lemma rejected_if_countermodel:
  assumes "axiom_model v" "\<not> eval v H"
  shows "rejected a0 H"
proof (cases "\<exists>a \<in> set (names H). \<exists>b \<in> set (names H). v a b")
  case True
  have "eval w (diagram v (names H))" if "eval w H" for w
  proof (rule ccontr)
    assume "\<not> eval w (diagram v (names H))"
    then have "eval w H = eval v H"
      by (intro eval_cong_names) (simp add: diagram_false_iff[OF True])
    with that assms(2) show False by simp
  qed
  then have "taut (Imp H (diagram v (names H)))"
    unfolding taut_def by simp
  then show ?thesis
    using rejected_if_taut_Imp rejected_diagram[OF assms(1) True] by blast
next
  case False
  then have "eval (\<lambda>_ _. False) H = eval v H"
    by (intro eval_cong_names) auto
  with assms(2) show ?thesis
    by (intro rejected_if_all_false_countermodel) simp
qed

theorem theorem3p1:
  fixes a0 :: nat and H :: fm
  assumes "hintikka H"
  shows "rejected a0 H"
  using rejected_if_countermodel hintikka_axiom_model[OF assms] hintikka_countermodel[OF assms]
  by blast

end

What needs to be done: Every line in the data that holds the string "simp" should be copied.

Answer:
      by (intro eval_cong_names) (simp add: diagram_false_iff[OF True])
    with that assms(2) show False by simp
    unfolding taut_def by simp
    by (intro rejected_if_all_false_countermodel) simp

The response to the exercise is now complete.